ABOUT THIS EXERCISE.
Go through the entries, filter for the word "define", and copy every line that has it.

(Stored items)
'''

lemma act_refl_lex_prec:
  assumes "diagram n adj" "spherical n adj" "orth_set n adj B" "\<beta> \<in> B" "j \<in> nodes n"
    and "ip n adj (alpha j) \<beta> = 1"
    and "\<forall>x\<in>B. moved n adj j x \<longrightarrow> height n \<beta> \<le> height n x"
  shows "lex_prec n (act n adj (refl n adj j) B) B"
proof -
  define A where "A = act n adj (refl n adj j) B"
  define h where "h = height n \<beta> - 1"
  have pos: "B \<subseteq> posroots n adj"
    using assms(3) by (simp add: orth_set_def)
  have BA: "x \<in> A" if "x \<in> B" "height n x \<le> h" for x
    using that assms(7) unfolding A_def h_def
    by (intro unmoved_in_act_refl[OF assms(1,2) pos _ assms(5)]) force+
  have AB: "x \<in> B" if "x \<in> A" "height n x < h" for x
    using that act_refl_new_element[OF assms(1,2) pos assms(5), of x] assms(7)
    unfolding A_def h_def by force
  define v where "v = (\<lambda>m. \<beta> m - alpha j m)"
  have "v = refl n adj j \<beta>"
    using assms(6) by (simp add: v_def refl_def)
  then have "v \<in> A"
    using refl_posroot[of \<beta> n adj j] pos assms(4,5,6)
    unfolding A_def act_def by (auto simp: moved_def)
  moreover have "height n v = h"
    using assms(5) by (simp add: v_def h_def height_linear height_alpha)
  moreover have "v \<notin> B"
  proof
    assume "v \<in> B"
    moreover have "v \<noteq> \<beta>"
      by (auto simp: v_def alpha_def fun_eq_iff)
    ultimately have "ip n adj \<beta> v = 0"
      using assms(3,4) by (auto simp: orth_set_def)
    moreover have "ip n adj \<beta> v = 1"
      using ip_root_self[OF assms(1), of \<beta>] pos assms(4,6) ip_commute[OF assms(1), of \<beta> "alpha j"]
      by (auto simp: v_def ip_linear posroots_def)
    ultimately show False
      by simp
  qed
  ultimately have "{x \<in> B. height n x = h} \<subset> {x \<in> A. height n x = h}"
    using BA by blast
  then show ?thesis
    unfolding lex_prec_def A_def[symmetric] using AB BA by (intro exI[of _ h]) force
qed

lemma ip_alpha_eq_neg_one_if_lex_prec_act_refl:
  assumes "diagram n adj" "spherical n adj" "orth_set n adj B" "\<beta> \<in> B" "j \<in> nodes n"
    and "moved n adj j \<beta>" "\<forall>x\<in>B. moved n adj j x \<longrightarrow> height n \<beta> \<le> height n x"
    and "lex_prec n B (act n adj (refl n adj j) B)"
  shows "ip n adj (alpha j) \<beta> = -1"
proof (rule ccontr)
  assume "ip n adj (alpha j) \<beta> \<noteq> -1"
  then have "ip n adj (alpha j) \<beta> = 1"
    using assms(6) by (simp add: moved_def)
  then have "lex_prec n (act n adj (refl n adj j) B) B"
    using act_refl_lex_prec[OF assms(1-5) _ assms(7)] by blast
  then show False
    using assms(8) lex_prec_trans lex_prec_irrefl by blast
qed

lemma refl_refl_orth_imp_cartan_zero:
  assumes "diagram n adj" "\<beta> \<in> roots n adj" "i \<in> nodes n" "k \<in> nodes n" "moved n adj i \<beta>"
    and "ip n adj \<beta> (refl n adj k (refl n adj i \<beta>)) = 0"
  shows "cartan adj k i = 0 \<and> moved n adj k \<beta>"
proof -
  define \<epsilon> where "\<epsilon> = ip n adj (alpha i) \<beta>"
  define d where "d = ip n adj (alpha k) \<beta>"
  define a where "a = cartan adj k i"
  have "refl n adj k (refl n adj i \<beta>) = (\<lambda>m. \<beta> m - \<epsilon> * alpha i m - (d - \<epsilon> * a) * alpha k m)"
    using assms(3,4) by (simp add: refl_def ip_linear ip_alpha_alpha \<epsilon>_def d_def a_def algebra_simps)
  moreover have "ip n adj \<beta> (alpha i) = \<epsilon>" "ip n adj \<beta> (alpha k) = d"
    using ip_commute[OF assms(1)] by (auto simp: \<epsilon>_def d_def)
  moreover have "\<epsilon> * \<epsilon> = 1"
    using assms(5) by (auto simp: moved_def \<epsilon>_def)
  ultimately have "d * (d - \<epsilon> * a) = 1"
    using assms(6) ip_root_self[OF assms(1,2)] by (simp add: ip_linear algebra_simps)
  then have "d = 1 \<or> d = -1" "\<epsilon> * a = 0"
    by (auto simp: zmult_eq_1_iff)
  then show ?thesis
    using \<open>\<epsilon> * \<epsilon> = 1\<close> by (auto simp: moved_def d_def a_def)
qed

lemma uminus_diff_moves_not_posroot:
  assumes "diagram n adj" "\<beta> \<in> posroots n adj" "i \<in> nodes n" "k \<in> nodes n" "i \<noteq> k"
    and "moved n adj i \<beta>" "moved n adj k \<beta>"
  shows "(\<lambda>m. - (\<beta> m - ip n adj (alpha i) \<beta> * alpha i m - ip n adj (alpha k) \<beta> * alpha k m))
    \<notin> posroots n adj" (is "(\<lambda>m. - ?g m) \<notin> _")
proof
  assume "(\<lambda>m. - ?g m) \<in> posroots n adj"
  then have "height n (\<lambda>m. - ?g m) \<ge> 1"
    by (rule posroot_height_pos[OF assms(1)])
  have nonneg: "\<forall>m\<in>nodes n. \<beta> m \<ge> 0"
    using assms(2) by (simp add: posroots_def)
  have "ip n adj (alpha i) \<beta> \<le> \<beta> i" "ip n adj (alpha k) \<beta> \<le> \<beta> k"
    using assms(3,4,6,7) by (auto intro!: ip_alpha_le_coord[OF nonneg] simp: moved_def)
  then have "height n ?g \<ge> 0"
    using coord_add_coord_le_height[OF nonneg assms(3-5)] assms(3,4)
    by (simp add: height_linear height_alpha)
  with \<open>height n (\<lambda>m. - ?g m) \<ge> 1\<close> show False
    using assms(3,4) by (simp add: height_linear height_alpha)
qed

lemma refl_refl_in_act_eq:
  assumes "B \<subseteq> posroots n adj" "i \<in> nodes n" "k \<in> nodes n"
    and "act n adj (refl n adj i) B = act n adj (refl n adj k) B"
    and "\<beta> \<in> B" "moved n adj i \<beta>"
  shows "\<exists>\<gamma>\<in>B. refl n adj k (refl n adj i \<beta>) = \<gamma> \<or> refl n adj k (refl n adj i \<beta>) = (\<lambda>m. - \<gamma> m)"
proof -
  have "refl n adj i \<beta> \<in> act n adj (refl n adj k) B"
    using refl_posroot[of \<beta> n adj i] assms unfolding act_def by blast
  then obtain \<gamma> where "\<gamma> \<in> B"
    and "refl n adj i \<beta> = refl n adj k \<gamma> \<or> refl n adj i \<beta> = (\<lambda>m. - refl n adj k \<gamma> m)"
    unfolding act_def by blast
  then show ?thesis
    by (auto simp: refl_minus refl_involutive[OF assms(3)])
qed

'''

WRITTEN ANSWER.
  define A where "A = act n adj (refl n adj j) B"
  define h where "h = height n \<beta> - 1"
  define v where "v = (\<lambda>m. \<beta> m - alpha j m)"
  define \<epsilon> where "\<epsilon> = ip n adj (alpha i) \<beta>"
  define d where "d = ip n adj (alpha k) \<beta>"
  define a where "a = cartan adj k i"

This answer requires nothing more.